[Stored data entries]
- - - - -
(* Let $\Pi$ be the node-edge-checkable problem encoding $(\text{edge-degree}+1)$-edge coloring defined below, and $\Pi^*$ its node-list variant. Then for every valid input instance $(S,h_{\mathrm{in}})$ of $\Pi^*$ (on any finite semi-graph $S$), $\Pi^*$ admits a valid solution.
   Context: Semi-graph: a bipartite graph $S=(A\sqcup B,C)$ with every $b\in B$ of degree at most $2$; $A$ = nodes, $B$ = edges, $C$ = half-edges (incident node–edge pairs); degree of a node / rank of an edge = its degree in $S$. Node-edge-checkable problem $\Pi=(\Sigma,\mathcal N_\Pi,\mathcal E_\Pi)$: $\mathcal N_\Pi^i$ ($i\ge 0$) and $\mathcal E_\Pi^i$ ($i\in\{0,1,2\}$) are collections of cardinality-$i$ multisets over $\Sigma$. The problem $\Pi$: $\Sigma=\{(x,y): x,y\in\mathbb Z_{>0}\}\cup\{D\}$. For each $i\ge0$, $\mathcal N_\Pi^i$ consists of all cardinality-$i$ multisets of the form $\{(a_1,b_1),\dots,(a_p,b_p),D,\dots,D\}$ (with $i-p$ copies of $D$, $0\le p\le i$) such that $a_k\le p$ for all $k\le p$ and $b_l\ne b_m$ for all $l\ne m$. $\mathcal E_\Pi^0=\{\emptyset\}$, $\mathcal E_\Pi^1=\{\{D\}\}$, $\mathcal E_\Pi^2=\{\{(a_1,b),(a_2,b)\}: a_1,a_2,b\in\mathbb Z_{>0},\ a_1+a_2\ge b+1\}$. Node-list variant $\Pi^*$: for $i,j\ge0$ and $\psi\in\mathcal N_\Pi^j$, $\mathcal N^i_{\Pi,\psi}$ is the set of cardinality-$i$ multisets $\chi$ over $\Sigma$ with $\chi\uplus\psi\in\mathcal N_\Pi^{i+j}$, and $\mathcal L^i=\{\mathcal N^i_{\Pi,\psi}:\psi\in\mathcal N_\Pi^j\text{ for some }j\ge0\}$. A valid input instance is $(S,h_{\mathrm{in}})$ with $h_{\mathrm{in}}(v)\in\mathcal L^{\deg(v)}$ for each node $v$. A valid solution is $h_{\mathrm{out}}:H(S)\to\Sigma$ such that for each node $v$ the multiset of labels on its incident half-edges lies in $h_{\mathrm{in}}(v)$, and for each edge $e$ the multiset of labels on its incident half-edges lies in $\mathcal E_\Pi^{\mathrm{rank}(e)}$. *)

theory Defs
  imports Main "HOL-Library.Multiset"
begin

datatype sigma = Pr nat nat | D

definition in_Sigma :: "sigma \<Rightarrow> bool" where
  "in_Sigma s = (case s of Pr x y \<Rightarrow> x > 0 \<and> y > 0 | D \<Rightarrow> True)"

definition mset_over_Sigma :: "sigma multiset \<Rightarrow> bool" where
  "mset_over_Sigma M = (\<forall>s\<in>#M. in_Sigma s)"

definition node_constr :: "nat \<Rightarrow> sigma multiset set" where
  "node_constr i = {M. \<exists>xs :: (nat \<times> nat) list.
      length xs \<le> i \<and>
      M = mset (map (\<lambda>(a,b). Pr a b) xs) + replicate_mset (i - length xs) D \<and>
      (\<forall>(a,b)\<in>set xs. 0 < a \<and> 0 < b) \<and>
      (\<forall>(a,b)\<in>set xs. a \<le> length xs) \<and>
      distinct (map snd xs)}"

definition edge_constr :: "nat \<Rightarrow> sigma multiset set" where
  "edge_constr i =
     (if i = 0 then {{#}}
      else if i = 1 then {{#D#}}
      else if i = 2 then {{#Pr a1 b, Pr a2 b#} | a1 a2 b.
                           0 < a1 \<and> 0 < a2 \<and> 0 < b \<and> a1 + a2 \<ge> b + 1}
      else {})"

definition list_constr :: "nat \<Rightarrow> sigma multiset \<Rightarrow> sigma multiset set" where
  "list_constr i \<psi> = {\<chi>. size \<chi> = i \<and> mset_over_Sigma \<chi> \<and>
                          \<chi> + \<psi> \<in> node_constr (i + size \<psi>)}"

definition list_family :: "nat \<Rightarrow> sigma multiset set set" where
  "list_family i = {list_constr i \<psi> | \<psi> j. \<psi> \<in> node_constr j}"

text \<open>Semi-graphs: nodes A, edges B, half-edges C \<subseteq> A \<times> B; edges have degree \<le> 2.\<close>
definition semi_graph :: "'a set \<Rightarrow> 'b set \<Rightarrow> ('a \<times> 'b) set \<Rightarrow> bool" where
  "semi_graph A B C = (finite A \<and> finite B \<and> C \<subseteq> A \<times> B \<and>
                       (\<forall>e\<in>B. card {v. (v,e) \<in> C} \<le> 2))"

definition node_deg :: "('a \<times> 'b) set \<Rightarrow> 'a \<Rightarrow> nat" where
  "node_deg C v = card {e. (v,e) \<in> C}"

definition edge_rank :: "('a \<times> 'b) set \<Rightarrow> 'b \<Rightarrow> nat" where
  "edge_rank C e = card {v. (v,e) \<in> C}"

definition node_labels :: "('a \<times> 'b) set \<Rightarrow> ('a \<times> 'b \<Rightarrow> sigma) \<Rightarrow> 'a \<Rightarrow> sigma multiset" where
  "node_labels C h v = image_mset (\<lambda>e. h (v,e)) (mset_set {e. (v,e) \<in> C})"

definition edge_labels :: "('a \<times> 'b) set \<Rightarrow> ('a \<times> 'b \<Rightarrow> sigma) \<Rightarrow> 'b \<Rightarrow> sigma multiset" where
  "edge_labels C h e = image_mset (\<lambda>v. h (v,e)) (mset_set {v. (v,e) \<in> C})"

definition valid_input :: "'a set \<Rightarrow> 'b set \<Rightarrow> ('a \<times> 'b) set \<Rightarrow> ('a \<Rightarrow> sigma multiset set) \<Rightarrow> bool" where
  "valid_input A B C hin = (\<forall>v\<in>A. hin v \<in> list_family (node_deg C v))"

definition valid_solution :: "'a set \<Rightarrow> 'b set \<Rightarrow> ('a \<times> 'b) set \<Rightarrow> ('a \<Rightarrow> sigma multiset set)
                               \<Rightarrow> ('a \<times> 'b \<Rightarrow> sigma) \<Rightarrow> bool" where
  "valid_solution A B C hin hout =
     ((\<forall>c\<in>C. in_Sigma (hout c)) \<and>
      (\<forall>v\<in>A. node_labels C hout v \<in> hin v) \<and>
      (\<forall>e\<in>B. edge_labels C hout e \<in> edge_constr (edge_rank C e)))"

end

theory Submission
  imports Defs
begin

(* A node v whose input word has pairs xs labels each of its d_v edges of rank 2 with
   (p_v, c), where p_v = |xs| + d_v, and its other edges with D.  The node constraint then only
   asks the colours c at v to be positive, distinct and to avoid the second coordinates of xs,
   and the edge constraint of an edge {u,v} becomes c < p_u + p_v.  Of the p_u + p_v - 1
   candidate colours at most |xs_u| + |xs_v| are forbidden by the input words, which leaves
   d_u + d_v - 1 colours for only d_u + d_v - 2 adjacent edges, so a greedy list edge colouring
   exists. *)

lemma greedy_list_colouring:
  fixes F :: "'b set" and L :: "'b \<Rightarrow> 'c set" and adj :: "'b \<Rightarrow> 'b \<Rightarrow> bool"
  assumes "finite F"
    and adj_sym: "\<And>e e'. adj e e' \<Longrightarrow> adj e' e"
    and "\<And>e. e \<in> F \<Longrightarrow> card {e'\<in>F. e' \<noteq> e \<and> adj e e'} < card (L e)"
  shows "\<exists>col. (\<forall>e\<in>F. col e \<in> L e) \<and> (\<forall>e\<in>F. \<forall>e'\<in>F. e \<noteq> e' \<longrightarrow> adj e e' \<longrightarrow> col e \<noteq> col e')"
  using assms(1,3)
proof (induction F rule: finite_induct)
  case empty
  show ?case by simp
next
  case (insert e F)
  have "card {e'\<in>F. e' \<noteq> x \<and> adj x e'} < card (L x)" if "x \<in> F" for x
  proof -
    have "card {e'\<in>F. e' \<noteq> x \<and> adj x e'} \<le> card {e'\<in>insert e F. e' \<noteq> x \<and> adj x e'}"
      by (rule card_mono) (use insert.hyps(1) in auto)
    also have "\<dots> < card (L x)" using insert.prems that by blast
    finally show ?thesis .
  qed
  with insert.IH obtain col where
    col_L: "\<forall>x\<in>F. col x \<in> L x" and
    col_proper: "\<forall>x\<in>F. \<forall>x'\<in>F. x \<noteq> x' \<longrightarrow> adj x x' \<longrightarrow> col x \<noteq> col x'"
    by blast
  define N where "N = {e'\<in>F. adj e e'}"
  have "N = {e'\<in>insert e F. e' \<noteq> e \<and> adj e e'}"
    using insert.hyps(2) unfolding N_def by auto
  then have "card (col ` N) < card (L e)"
    using insert.prems card_image_le[of N col] insert.hyps(1) unfolding N_def by fastforce
  then have "\<not> L e \<subseteq> col ` N"
    using insert.hyps(1) card_mono[of "col ` N" "L e"] unfolding N_def by fastforce
  then obtain c where c: "c \<in> L e" "c \<notin> col ` N" by blast
  have "(col(e := c)) x \<noteq> (col(e := c)) x'"
    if "x \<in> insert e F" "x' \<in> insert e F" "x \<noteq> x'" "adj x x'" for x x'
    using that adj_sym[OF that(4)] col_proper c(2) insert.hyps(2) unfolding N_def by auto
  then show ?case
    using col_L c(1) by (intro exI[of _ "col(e := c)"]) auto
qed

definition node_word :: "nat \<Rightarrow> (nat \<times> nat) list \<Rightarrow> sigma multiset" where
  "node_word i xs = mset (map (\<lambda>(a,b). Pr a b) xs) + replicate_mset (i - length xs) D"

definition admissible_pairs :: "(nat \<times> nat) list \<Rightarrow> bool" where
  "admissible_pairs xs \<longleftrightarrow>
     (\<forall>(a,b)\<in>set xs. 0 < a \<and> 0 < b \<and> a \<le> length xs) \<and> distinct (map snd xs)"

lemma node_constr_iff:
  "M \<in> node_constr i \<longleftrightarrow> (\<exists>xs. length xs \<le> i \<and> admissible_pairs xs \<and> M = node_word i xs)"
  unfolding node_constr_def node_word_def admissible_pairs_def by fast

lemma size_node_word [simp]: "length xs \<le> i \<Longrightarrow> size (node_word i xs) = i"
  by (simp add: node_word_def)

lemma node_constr_over_Sigma: "M \<in> node_constr i \<Longrightarrow> mset_over_Sigma M"
  unfolding node_constr_iff node_word_def admissible_pairs_def mset_over_Sigma_def
  by (auto simp: in_Sigma_def split: if_splits; fastforce)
- - - - -
What you give back should be exactly the lines of the data above from the line with "sigma) \<Rightarrow> 'a" through the line with "candidate colours at", both of those included, and nothing more.

definition node_labels :: "('a \<times> 'b) set \<Rightarrow> ('a \<times> 'b \<Rightarrow> sigma) \<Rightarrow> 'a \<Rightarrow> sigma multiset" where
  "node_labels C h v = image_mset (\<lambda>e. h (v,e)) (mset_set {e. (v,e) \<in> C})"

definition edge_labels :: "('a \<times> 'b) set \<Rightarrow> ('a \<times> 'b \<Rightarrow> sigma) \<Rightarrow> 'b \<Rightarrow> sigma multiset" where
  "edge_labels C h e = image_mset (\<lambda>v. h (v,e)) (mset_set {v. (v,e) \<in> C})"

definition valid_input :: "'a set \<Rightarrow> 'b set \<Rightarrow> ('a \<times> 'b) set \<Rightarrow> ('a \<Rightarrow> sigma multiset set) \<Rightarrow> bool" where
  "valid_input A B C hin = (\<forall>v\<in>A. hin v \<in> list_family (node_deg C v))"

definition valid_solution :: "'a set \<Rightarrow> 'b set \<Rightarrow> ('a \<times> 'b) set \<Rightarrow> ('a \<Rightarrow> sigma multiset set)
                               \<Rightarrow> ('a \<times> 'b \<Rightarrow> sigma) \<Rightarrow> bool" where
  "valid_solution A B C hin hout =
     ((\<forall>c\<in>C. in_Sigma (hout c)) \<and>
      (\<forall>v\<in>A. node_labels C hout v \<in> hin v) \<and>
      (\<forall>e\<in>B. edge_labels C hout e \<in> edge_constr (edge_rank C e)))"

end

theory Submission
  imports Defs
begin

(* A node v whose input word has pairs xs labels each of its d_v edges of rank 2 with
   (p_v, c), where p_v = |xs| + d_v, and its other edges with D.  The node constraint then only
   asks the colours c at v to be positive, distinct and to avoid the second coordinates of xs,
   and the edge constraint of an edge {u,v} becomes c < p_u + p_v.  Of the p_u + p_v - 1
   candidate colours at most |xs_u| + |xs_v| are forbidden by the input words, which leaves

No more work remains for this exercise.